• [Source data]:

(* Let $G$ be a graph of order $n\ge 9$. If $\tau(G)\le\frac{n}{2}$ and ${\rm diam}(G)=3$, then $\beta_p(G)\le n-3$.
   Context: All graphs are finite, simple, undirected and connected. Two vertices $u,v$ are twins if $N(u)\setminus\{v\}=N(v)\setminus\{u\}$; the twin number $\tau(G)$ is the maximum cardinality of an equivalence class of the twin relation. For a partition $\Pi=\{S_1,\dots,S_k\}$ of $V(G)$, $r(u|\Pi)=(d(u,S_1),\dots,d(u,S_k))$ with $d(u,S)=\min_{w\in S}d(u,w)$; $\Pi$ is locating if $r(u|\Pi)\ne r(v|\Pi)$ for all distinct $u,v$; $\beta_p(G)$ is the minimum size of a locating partition. *)

theory Defs
  imports Complex_Main "HOL-Library.Disjoint_Sets"
begin

definition edges :: "('a \<Rightarrow> 'a \<Rightarrow> bool) \<Rightarrow> ('a \<times> 'a) set" where
  "edges E = {(u, v). E u v}"

definition simple_graph :: "'a set \<Rightarrow> ('a \<Rightarrow> 'a \<Rightarrow> bool) \<Rightarrow> bool" where
  "simple_graph V E \<longleftrightarrow> finite V \<and> V \<noteq> {} \<and>
     (\<forall>u v. E u v \<longrightarrow> u \<in> V \<and> v \<in> V) \<and>
     (\<forall>u v. E u v \<longrightarrow> E v u) \<and> (\<forall>u. \<not> E u u)"

definition connected_graph :: "'a set \<Rightarrow> ('a \<Rightarrow> 'a \<Rightarrow> bool) \<Rightarrow> bool" where
  "connected_graph V E \<longleftrightarrow> (\<forall>u\<in>V. \<forall>v\<in>V. (u, v) \<in> (edges E)\<^sup>*)"

definition gdist :: "('a \<Rightarrow> 'a \<Rightarrow> bool) \<Rightarrow> 'a \<Rightarrow> 'a \<Rightarrow> nat" where
  "gdist E u v = (LEAST k. (u, v) \<in> (edges E) ^^ k)"
lemma integrable_likelihood_theta_prior:
  "integrable (theta_prior TYPE('d::finite)) (\<lambda>\<theta>. likelihood \<theta> xs ys)"
proof (rule integrable_theta_prior_bounded[where B = 1])
  show "\<bar>likelihood \<theta> xs ys\<bar> \<le> 1" for \<theta> :: "real^'d"
    using likelihood_pos[of \<theta> xs ys] likelihood_le_1[of \<theta> xs ys] by simp
qed simp

lemma evidence_pos: "0 < evidence TYPE('d::finite) xs ys"
  unfolding evidence_def
  by (rule prob_space.integral_pos[OF prob_space_theta_prior integrable_likelihood_theta_prior])
     (rule likelihood_pos)

lemma evidence_Nil: "evidence TYPE('d::finite) xs [] = 1"
  using prob_space.prob_space[OF prob_space_theta_prior] by (simp add: evidence_def)

lemma evidence_snoc_False:
  "evidence TYPE('d::finite) xs (ys @ [False]) = evidence TYPE('d) xs ys - evidence TYPE('d) xs (ys @ [True])"
proof -
  have "likelihood \<theta> xs (ys @ [False]) = likelihood \<theta> xs ys - likelihood \<theta> xs (ys @ [True])" for \<theta>
    by (simp add: likelihood_snoc label_prob_def algebra_simps)
  then show ?thesis
    unfolding evidence_def
    by (simp add: Bochner_Integration.integral_diff[OF integrable_likelihood_theta_prior integrable_likelihood_theta_prior])
qed

lemma predictive_eq_evidence_ratio:
  "predictive D xs ys = evidence D xs (ys @ [True]) / evidence D xs ys"
  by (simp add: predictive_def evidence_def likelihood_snoc label_prob_def)
theory Submission
  imports Defs
begin

text \<open>Matching Pursuit steps along \<open>-v\<^sub>t\<close> with \<open>v\<^sub>t \<in> A\<close>, so the iterates stay in
  \<open>lin(A)\<close> and no step is ever clipped; by symmetry of \<open>A\<close>, \<open>-v\<^sub>t\<close> maximizes
  \<open>\<nabla>f(x\<^sub>t)\<^sup>T w\<close> over \<open>A\<close>, hence over \<open>conv(A)\<close>, and convexity bounds the gap
  \<open>f(x\<^sub>t) - f(x\<^sup>\<star>) \<le> \<nabla>f(x\<^sub>t)\<^sup>T(x\<^sub>t - x\<^sup>\<star>)\<close> by \<open>\<parallel>x\<^sub>t - x\<^sup>\<star>\<parallel>\<^sub>A \<nabla>f(x\<^sub>t)\<^sup>T d\<^sub>t\<close>.
  For the count, the descent lemma keeps every \<open>L\<^sub>t\<close> below \<open>L\<close>, while a step outside
  \<open>I\<^sub>\<eta>\<close> multiplies \<open>L\<^sub>t\<close> by more than \<open>\<eta>\<close> and any step shrinks it by at most \<open>r\<^sub>t\<close>;
  so \<open>k\<close> steps outside \<open>I\<^sub>\<eta>\<close> force \<open>\<eta>\<^sup>k r L\<^sub>0 \<le> L\<close>.\<close>

lemma has_real_derivative_along_line:
  fixes f :: "'a::real_inner \<Rightarrow> real"
  assumes grad: "\<And>y. GDERIV f y :> g y"
  shows "((\<lambda>s. f (x + s *\<^sub>R h)) has_real_derivative (g (x + s *\<^sub>R h) \<bullet> h)) (at s)"
proof -
  have line: "((\<lambda>s::real. x + s *\<^sub>R h) has_derivative (\<lambda>t. t *\<^sub>R h)) (at s)"
    by (auto intro!: derivative_eq_intros)
  have "((\<lambda>s. f (x + s *\<^sub>R h)) has_derivative (\<lambda>t. (t *\<^sub>R h) \<bullet> g (x + s *\<^sub>R h))) (at s)"
    using has_derivative_compose[OF line grad[unfolded gderiv_def]] by (simp add: o_def)
  moreover have "(\<lambda>t. (t *\<^sub>R h) \<bullet> g (x + s *\<^sub>R h)) = (*) (g (x + s *\<^sub>R h) \<bullet> h)"
    by (auto simp: inner_commute)
  ultimately show ?thesis
    unfolding has_field_derivative_def by simp
qed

• [Problem to work on]: Restate the data word for word, leaving nothing out.

• [Expected output]:
(* Let $G$ be a graph of order $n\ge 9$. If $\tau(G)\le\frac{n}{2}$ and ${\rm diam}(G)=3$, then $\beta_p(G)\le n-3$.
   Context: All graphs are finite, simple, undirected and connected. Two vertices $u,v$ are twins if $N(u)\setminus\{v\}=N(v)\setminus\{u\}$; the twin number $\tau(G)$ is the maximum cardinality of an equivalence class of the twin relation. For a partition $\Pi=\{S_1,\dots,S_k\}$ of $V(G)$, $r(u|\Pi)=(d(u,S_1),\dots,d(u,S_k))$ with $d(u,S)=\min_{w\in S}d(u,w)$; $\Pi$ is locating if $r(u|\Pi)\ne r(v|\Pi)$ for all distinct $u,v$; $\beta_p(G)$ is the minimum size of a locating partition. *)

theory Defs
  imports Complex_Main "HOL-Library.Disjoint_Sets"
begin

definition edges :: "('a \<Rightarrow> 'a \<Rightarrow> bool) \<Rightarrow> ('a \<times> 'a) set" where
  "edges E = {(u, v). E u v}"

definition simple_graph :: "'a set \<Rightarrow> ('a \<Rightarrow> 'a \<Rightarrow> bool) \<Rightarrow> bool" where
  "simple_graph V E \<longleftrightarrow> finite V \<and> V \<noteq> {} \<and>
     (\<forall>u v. E u v \<longrightarrow> u \<in> V \<and> v \<in> V) \<and>
     (\<forall>u v. E u v \<longrightarrow> E v u) \<and> (\<forall>u. \<not> E u u)"

definition connected_graph :: "'a set \<Rightarrow> ('a \<Rightarrow> 'a \<Rightarrow> bool) \<Rightarrow> bool" where
  "connected_graph V E \<longleftrightarrow> (\<forall>u\<in>V. \<forall>v\<in>V. (u, v) \<in> (edges E)\<^sup>*)"

definition gdist :: "('a \<Rightarrow> 'a \<Rightarrow> bool) \<Rightarrow> 'a \<Rightarrow> 'a \<Rightarrow> nat" where
  "gdist E u v = (LEAST k. (u, v) \<in> (edges E) ^^ k)"
lemma integrable_likelihood_theta_prior:
  "integrable (theta_prior TYPE('d::finite)) (\<lambda>\<theta>. likelihood \<theta> xs ys)"
proof (rule integrable_theta_prior_bounded[where B = 1])
  show "\<bar>likelihood \<theta> xs ys\<bar> \<le> 1" for \<theta> :: "real^'d"
    using likelihood_pos[of \<theta> xs ys] likelihood_le_1[of \<theta> xs ys] by simp
qed simp

lemma evidence_pos: "0 < evidence TYPE('d::finite) xs ys"
  unfolding evidence_def
  by (rule prob_space.integral_pos[OF prob_space_theta_prior integrable_likelihood_theta_prior])
     (rule likelihood_pos)

lemma evidence_Nil: "evidence TYPE('d::finite) xs [] = 1"
  using prob_space.prob_space[OF prob_space_theta_prior] by (simp add: evidence_def)

lemma evidence_snoc_False:
  "evidence TYPE('d::finite) xs (ys @ [False]) = evidence TYPE('d) xs ys - evidence TYPE('d) xs (ys @ [True])"
proof -
  have "likelihood \<theta> xs (ys @ [False]) = likelihood \<theta> xs ys - likelihood \<theta> xs (ys @ [True])" for \<theta>
    by (simp add: likelihood_snoc label_prob_def algebra_simps)
  then show ?thesis
    unfolding evidence_def
    by (simp add: Bochner_Integration.integral_diff[OF integrable_likelihood_theta_prior integrable_likelihood_theta_prior])
qed

lemma predictive_eq_evidence_ratio:
  "predictive D xs ys = evidence D xs (ys @ [True]) / evidence D xs ys"
  by (simp add: predictive_def evidence_def likelihood_snoc label_prob_def)
theory Submission
  imports Defs
begin

text \<open>Matching Pursuit steps along \<open>-v\<^sub>t\<close> with \<open>v\<^sub>t \<in> A\<close>, so the iterates stay in
  \<open>lin(A)\<close> and no step is ever clipped; by symmetry of \<open>A\<close>, \<open>-v\<^sub>t\<close> maximizes
  \<open>\<nabla>f(x\<^sub>t)\<^sup>T w\<close> over \<open>A\<close>, hence over \<open>conv(A)\<close>, and convexity bounds the gap
  \<open>f(x\<^sub>t) - f(x\<^sup>\<star>) \<le> \<nabla>f(x\<^sub>t)\<^sup>T(x\<^sub>t - x\<^sup>\<star>)\<close> by \<open>\<parallel>x\<^sub>t - x\<^sup>\<star>\<parallel>\<^sub>A \<nabla>f(x\<^sub>t)\<^sup>T d\<^sub>t\<close>.
  For the count, the descent lemma keeps every \<open>L\<^sub>t\<close> below \<open>L\<close>, while a step outside
  \<open>I\<^sub>\<eta>\<close> multiplies \<open>L\<^sub>t\<close> by more than \<open>\<eta>\<close> and any step shrinks it by at most \<open>r\<^sub>t\<close>;
  so \<open>k\<close> steps outside \<open>I\<^sub>\<eta>\<close> force \<open>\<eta>\<^sup>k r L\<^sub>0 \<le> L\<close>.\<close>

lemma has_real_derivative_along_line:
  fixes f :: "'a::real_inner \<Rightarrow> real"
  assumes grad: "\<And>y. GDERIV f y :> g y"
  shows "((\<lambda>s. f (x + s *\<^sub>R h)) has_real_derivative (g (x + s *\<^sub>R h) \<bullet> h)) (at s)"
proof -
  have line: "((\<lambda>s::real. x + s *\<^sub>R h) has_derivative (\<lambda>t. t *\<^sub>R h)) (at s)"
    by (auto intro!: derivative_eq_intros)
  have "((\<lambda>s. f (x + s *\<^sub>R h)) has_derivative (\<lambda>t. (t *\<^sub>R h) \<bullet> g (x + s *\<^sub>R h))) (at s)"
    using has_derivative_compose[OF line grad[unfolded gderiv_def]] by (simp add: o_def)
  moreover have "(\<lambda>t. (t *\<^sub>R h) \<bullet> g (x + s *\<^sub>R h)) = (*) (g (x + s *\<^sub>R h) \<bullet> h)"
    by (auto simp: inner_commute)
  ultimately show ?thesis
    unfolding has_field_derivative_def by simp
qed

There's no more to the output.